Leisure travel boost demand

Pent-up demand is driving a strong uptake in bookings, as leisure travel shows indications of a rebound in the United States. June throughput measured by the Transportation Security Administration is more than four times higher than a year ago. As such, all facets of hotel business, including branding, products and services, customer experience, and loyalty programs will need to recalibrate for a predominantly leisure-driven market. New customers and loyalists alike will need to be targeted using personalized marketing content that inspires leisure travel based on specific needs and desires. Hotel marketing departments will continue to dive into data from customer insights to tailor experiences that capture a wider array of leisure travelers.


Pent-up demand is driving a strong uptake in bookings for leisure travel. As work and recreational life continue to blend, business travel will increasingly take on leisure components.

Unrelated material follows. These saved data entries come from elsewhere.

lemma xi_pumping_tendsto:
  assumes "r \<ge> 2" "v \<noteq> []"
  shows "(\<lambda>k. xi r (w @ concat (replicate (Suc k) v))) \<longlonglongrightarrow> xi r v"
proof -
  define p q where "p = real r ^ length w" and "q = real r ^ length v"
  define V where "V k = concat (replicate (Suc k) v)" for k
  define \<alpha> where "\<alpha> k = (1 - p) / (1 - (p * q) * q ^ k)" for k
  have p: "p \<ge> 1" and q: "q \<ge> 2" using assms scale_ge_2 by (auto simp: p_def q_def)
  have "xi r (w @ V k) = xi r v + \<alpha> k *\<^sub>R (xi r w - xi r v)" for k
  proof -
    have "length (V k) = length v * Suc k"
      by (simp add: V_def length_concat sum_list_replicate)
    then have "real r ^ length (V k) = q ^ Suc k"
      by (simp only: q_def power_mult)
    moreover have "xi r (V k) = xi r v" unfolding V_def by (rule xi_power[OF assms])
    moreover have "w @ V k \<noteq> []" using assms(2) by (simp add: V_def)
    ultimately show ?thesis
      using xi_append(1)[OF assms(1), of w "V k"] by (simp add: \<alpha>_def p_def algebra_simps)
  qed
  moreover have "\<alpha> \<longlonglongrightarrow> 0" unfolding \<alpha>_def using p q by (intro tendsto_over_geometric) auto
  then have "(\<lambda>k. xi r v + \<alpha> k *\<^sub>R (xi r w - xi r v)) \<longlonglongrightarrow> xi r v + 0 *\<^sub>R (xi r w - xi r v)"
    by (intro tendsto_intros)
  ultimately show ?thesis by (simp add: V_def)
qed

lemma closed_convex_Gamma_inv_vimage:
  assumes "closed T" "convex T"
  shows "closed (Gamma_inv r w -` T)" and "convex (Gamma_inv r w -` T)"
proof -
  show "closed (Gamma_inv r w -` T)"
    by (intro closed_vimage assms(1) continuous_Gamma_inv)
  show "convex (Gamma_inv r w -` T)"
  proof (rule convexI)
    fix x y and a b :: real
    assume "x \<in> Gamma_inv r w -` T" "y \<in> Gamma_inv r w -` T" "0 \<le> a" "0 \<le> b" "a + b = 1"
    then show "a *\<^sub>R x + b *\<^sub>R y \<in> Gamma_inv r w -` T"
      using convexD[OF assms(2)] Gamma_inv_affine[of a b r w x y] by simp
  qed
qed

section \<open>The chain languages\<close>

lemma Nil_in_star: "[] \<in> lang_star A"
  unfolding lang_star_def by (rule CollectI, rule exI[of _ "[]"]) simp

lemma replicate_in_star: "v \<in> A \<Longrightarrow> concat (replicate k v) \<in> lang_star A"
  unfolding lang_star_def by (rule CollectI, rule exI[of _ "replicate k v"]) auto

lemma chain_lang_SucI:
  "u \<in> lang_star (L (Suc n)) \<Longrightarrow> c \<in> chain_lang s L n \<Longrightarrow>
   s (Suc (Suc n)) @ u @ c \<in> chain_lang s L (Suc n)"
  unfolding chain_lang.simps lang_conc_def by blast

Meanwhile, concern that business travel will suffer permanent losses continues following the successful shift to virtual meetings by many businesses during the pandemic. The GBTA forecasts that business travel will see a 21% increase in 2021, with most gain expected to come at the end of year as vaccinations increase globally and consumer confidence returns; next year, GBTA expects a significant increase in group and international travel, while in 2023 and 2024, it projects business travel growth to slow back to pre-pandemic levels. Full recovery is expected by 2025. 

Post-pandemic travel is likely to look very different, as some lifestyle shifts driven by the pandemic linger. According to survey data released in April from Accenture, after a year of lockdowns, 95% of respondents said they made at least one change to their lifestyle they expect will be permanent; 79% would like to work from a location other than their home or office; and 46% either will not travel at all for work or will reduce their business travel by half. The survey, which polled more than 9,600 people in 19 countries, revealed that more than half of respondents would be willing to personally pay up to $100 per month to work from a café, bar, hotel or retailer with a dedicated space. Given that business and group travel will continue to lag in the short-run, front-of-mind strategy will need to focus on re-imagining travel and hospitality, specifically for high-value travelers.

‘Bleisure’ may represent the future of travel

In the era of increasing work-life integration, travel will blend aspects of work and play. The so-called bleisure traveler—who combines business and leisure—will become the focus as the travel industry looks to capture the market's newest entrant. The bleisure traveler’s customer profile focuses on personal health and wellness, local communities, sustainability and unique opportunities to connect with friends and family.

The stress and anxiety of the global pandemic has shifted the mindset of travelers to an all-inclusive travel experience. “This year, more than any other, has highlighted the importance of looking after your health and wellness,” said Paul Joseph, founder of Health and Fitness Travel, a travel booking platform, in a December article published on Lonely Planet.com. “The various global restrictions coupled with the outbreak of the pandemic in 2020 have only made people appreciate any opportunities to better their health both physically and mentally.”